Saved data entries:
------------------------

(* Two admissible families of weights $\alpha,\beta$ on $\mathcal P$ coincide if and only if they have the same basic coefficients, i.e. $\nu_{\mathsf q}(\alpha)=\nu_{\mathsf q}(\beta)$, $\xi_{\mathsf q}(\alpha)=\xi_{\mathsf q}(\beta)$, $\nu_{\mathsf q\mathsf Q}(\alpha)=\nu_{\mathsf q\mathsf Q}(\beta)$ and $\xi_{\mathsf q\mathsf Q}(\alpha)=\xi_{\mathsf q\mathsf Q}(\beta)$ for all $\mathsf q,\mathsf Q\in\mathcal F$.
   Context: Fix a finite set $\mathcal F$ of faces. For a word $\mathbf f\in\mathcal F^n$ ($n\ge1$), $[n]_{\mathbf f}$ is $\{1,\dots,n\}$ with faces $\ell\mapsto\mathbf f(\ell)$ (legs); $\mathcal P(\mathbf f)$ is the set of set partitions of $[n]$ viewed with these faces, $\mathcal P=\bigcup_{\mathbf f}\mathcal P(\mathbf f)$. A finite totally ordered set $S$ with a face map is identified with $[m]_{|S|}$ through the order-preserving bijection ($|S|$ = word of faces read in order), so partitions of such sets are elements of $\mathcal P$. $1_{\mathbf f}$ is the one-block partition. For blocks $\beta_1\ne\beta_2$ of $\pi$, $\pi_{\beta_1\smile\beta_2}=(\pi\setminus\{\beta_1,\beta_2\})\cup\{\beta_1\cup\beta_2\}$, and $\{\beta_1,\beta_2\}$ is regarded as a partition of the multi-faced set $\beta_1\cup\beta_2$. Reduction: for $\pi\in\mathcal P(\mathbf f)$ let $s\sim t$ ($s\le t$) iff all $r\in[s,t]$ have the same face and lie in the same block; $\pi_{\mathrm{red}}$ is the induced partition of $[n]/\sim$. Mirror: $\overline{\mathbf f}(i)=\mathbf f(n+1-i)$, $\overline\pi=\{\{n+1-i:i\in\beta\}:\beta\in\pi\}$. Admissible: $\alpha=(\alpha_\pi)_{\pi\in\mathcal P}\subset\mathbb C$ with (i) $\alpha_{1_{\mathbf f}}=1$; (ii) $\alpha_{\{\{1\},\{2\}\}}=1$ for every $\mathbf f\in\mathcal F^2$; (iii) $\alpha_\pi=\alpha_{\pi_{\mathrm{red}}}$; (iv) if $\pi\in\mathcal P(\mathbf f)$ has blocks $\beta_1\ne\beta_2$ with $i\in\beta_1$, $i+1\in\beta_2$, $\mathbf f(i)=\mathbf f(i+1)$, then $\alpha_\pi=\alpha_{\pi_{\beta_1\smile\beta_2}}\alpha_{\{\beta_1,\beta_2\}}$; (v) $\alpha_\pi=\alpha_\sigma$ whenever $\pi\in\mathcal P(\mathbf f)$, $\sigma\in\mathcal P(\mathbf g)$ have the same set partition and $\mathbf f(\ell)=\mathbf g(\ell)$ for $1<\ell<n$; (vi) $\alpha_{\overline\pi}=\overline{\alpha_\pi}$. Basic coefficients of an admissible $\alpha$, for $\mathsf q,\mathsf Q\in\mathcal F$ (the faces of the first and last leg are arbitrary, which does not matter by (v)): $\nu_{\mathsf q}=\alpha_\pi$ for $\pi=\{\{1,3\},\{2\}\}$ with $\mathbf f(2)=\mathsf q$; $\xi_{\mathsf q}=\alpha_\pi$ for $\pi=\{\{1,3\},\{2,4\}\}$ with $\mathbf f(2)=\mathbf f(3)=\mathsf q$; $\nu_{\mathsf q\mathsf Q}=\alpha_\pi$ for $\pi=\{\{1,4\},\{2,3\}\}$ with $\mathbf f(2)=\mathsf q$, $\mathbf f(3)=\mathsf Q$; $\xi_{\mathsf q\mathsf Q}=\alpha_\pi$ for $\pi=\{\{1,3\},\{2,4\}\}$ with $\mathbf f(2)=\mathsf q$, $\mathbf f(3)=\mathsf Q$. *)

theory Defs
  imports Complex_Main "HOL-Library.Disjoint_Sets"
begin

text \<open>Faces form a finite type 'f.  A multi-faced partition is a pair (w, pi):
  w is the word of faces (leg l has face w ! (l - 1), legs are 1..length w),
  pi is a set partition of {1..length w}.\<close>

type_synonym 'f mfpart = "'f list \<times> nat set set"

definition mfparts :: "('f::finite) mfpart set" where
  "mfparts = {(w, p). length w \<ge> 1 \<and> partition_on {1..length w} p}"

abbreviation face :: "'f list \<Rightarrow> nat \<Rightarrow> 'f" where
  "face w l \<equiv> w ! (l - 1)"

text \<open>A subset S of the legs with a partition rho of S, regarded (via the
  order-preserving bijection S -> {1..card S}) as an element of P.\<close>
definition sub_part :: "'f list \<Rightarrow> nat set \<Rightarrow> nat set set \<Rightarrow> 'f mfpart" where
  "sub_part w S rho =
     (map (face w) (sorted_list_of_set S),
      (\<lambda>B. (\<lambda>i. card {j\<in>S. j < i} + 1) ` B) ` rho)"

definition one_block :: "'f list \<Rightarrow> 'f mfpart" where
  "one_block w = (w, {{1..length w}})"

definition red_sim :: "'f list \<Rightarrow> nat set set \<Rightarrow> nat \<Rightarrow> nat \<Rightarrow> bool" where
  "red_sim w p s t \<longleftrightarrow> s \<le> t \<and> (\<forall>r\<in>{s..t}. face w r = face w s) \<and> (\<exists>B\<in>p. {s..t} \<subseteq> B)"

text \<open>The ~-classes are intervals; each class is represented by its least element.
  The reduced partition is the induced partition of the set of classes,
  ordered and faced via these representatives.\<close>
definition red_reps :: "'f list \<Rightarrow> nat set set \<Rightarrow> nat set" where
  "red_reps w p = {i \<in> {1..length w}. \<not> (i > 1 \<and> red_sim w p (i - 1) i)}"

definition reduce :: "'f mfpart \<Rightarrow> 'f mfpart" where
  "reduce x = (case x of (w, p) \<Rightarrow>
      sub_part w (red_reps w p) ((\<lambda>B. B \<inter> red_reps w p) ` p))"

definition merge_blocks :: "nat set set \<Rightarrow> nat set \<Rightarrow> nat set \<Rightarrow> nat set set" where
  "merge_blocks p b1 b2 = (p - {b1, b2}) \<union> {b1 \<union> b2}"

definition mirror :: "'f mfpart \<Rightarrow> 'f mfpart" where
  "mirror x = (case x of (w, p) \<Rightarrow>
      (rev w, (\<lambda>B. (\<lambda>i. length w + 1 - i) ` B) ` p))"

definition admissible :: "(('f::finite) mfpart \<Rightarrow> complex) \<Rightarrow> bool" where
  "admissible a \<longleftrightarrow>
     (\<forall>w. length w \<ge> 1 \<longrightarrow> a (one_block w) = 1) \<and>
     (\<forall>x y. a ([x, y], {{1}, {2}}) = 1) \<and>
     (\<forall>x\<in>mfparts. a x = a (reduce x)) \<and>
     (\<forall>w p b1 b2 i. (w, p) \<in> mfparts \<longrightarrow> b1 \<in> p \<longrightarrow> b2 \<in> p \<longrightarrow> b1 \<noteq> b2 \<longrightarrow>
        i \<in> b1 \<longrightarrow> i + 1 \<in> b2 \<longrightarrow> face w i = face w (i + 1) \<longrightarrow>
        a (w, p) = a (w, merge_blocks p b1 b2) * a (sub_part w (b1 \<union> b2) {b1, b2})) \<and>
     (\<forall>w g p. (w, p) \<in> mfparts \<longrightarrow> length g = length w \<longrightarrow>
        (\<forall>l. 1 < l \<and> l < length w \<longrightarrow> face w l = face g l) \<longrightarrow> a (w, p) = a (g, p)) \<and>
     (\<forall>x\<in>mfparts. a (mirror x) = cnj (a x))"

text \<open>Basic coefficients.  The first and last legs are given arbitrary fixed
  faces (those of the neighbouring inner leg); by (v) this choice is irrelevant.\<close>
definition nu1 :: "('f mfpart \<Rightarrow> complex) \<Rightarrow> 'f \<Rightarrow> complex" where
  "nu1 a q = a ([q, q, q], {{1, 3}, {2}})"

definition xi1 :: "('f mfpart \<Rightarrow> complex) \<Rightarrow> 'f \<Rightarrow> complex" where
  "xi1 a q = a ([q, q, q, q], {{1, 3}, {2, 4}})"

definition nu2 :: "('f mfpart \<Rightarrow> complex) \<Rightarrow> 'f \<Rightarrow> 'f \<Rightarrow> complex" where
  "nu2 a q Q = a ([q, q, Q, Q], {{1, 4}, {2, 3}})"

definition xi2 :: "('f mfpart \<Rightarrow> complex) \<Rightarrow> 'f \<Rightarrow> 'f \<Rightarrow> complex" where
  "xi2 a q Q = a ([q, q, Q, Q], {{1, 3}, {2, 4}})"

end

theory Submission
  imports Defs
begin

text \<open>
  A multi-faced partition is encoded by a word of (face, label) letters, the legs with equal
  labels forming a block. In this encoding axiom (iii) deletes a repeated letter, (v) changes
  the faces of the two end letters, and (iv), applied at two adjacent letters with equal faces,
  writes the weight of a word as the weight of the word with their two labels identified times
  the weight of its restriction to these two labels.

  By well-founded induction the weight of every word is determined by the basic coefficients.
  A word with at least three labels splits by (iv) into words with fewer labels. On two labels
  x and y, once repeated end letters are dropped, the words x y x, x y y x and x y x y carry
  \<nu>_q, \<nu>_qQ and \<xi>_qQ, and every other word splits into words with fewer runs, or
  with the same runs and fewer letters outside the first and last run.
\<close>

section \<open>Labelled words\<close>

abbreviation label_block :: "('f \<times> 'l) list \<Rightarrow> 'l \<Rightarrow> nat set" where
  "label_block xs c \<equiv> {i\<in>{1..length xs}. snd (xs!(i-1)) = c}"

definition mfpart_of :: "('f \<times> 'l) list \<Rightarrow> 'f mfpart" where
  "mfpart_of xs = (map fst xs, label_block xs ` snd ` set xs)"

------------------------

Output the lines above exactly, but only those between the line holding "labels forming a" and the line holding "By well-founded induction", inclusive.

  labels forming a block. In this encoding axiom (iii) deletes a repeated letter, (v) changes
  the faces of the two end letters, and (iv), applied at two adjacent letters with equal faces,
  writes the weight of a word as the weight of the word with their two labels identified times
  the weight of its restriction to these two labels.

  By well-founded induction the weight of every word is determined by the basic coefficients.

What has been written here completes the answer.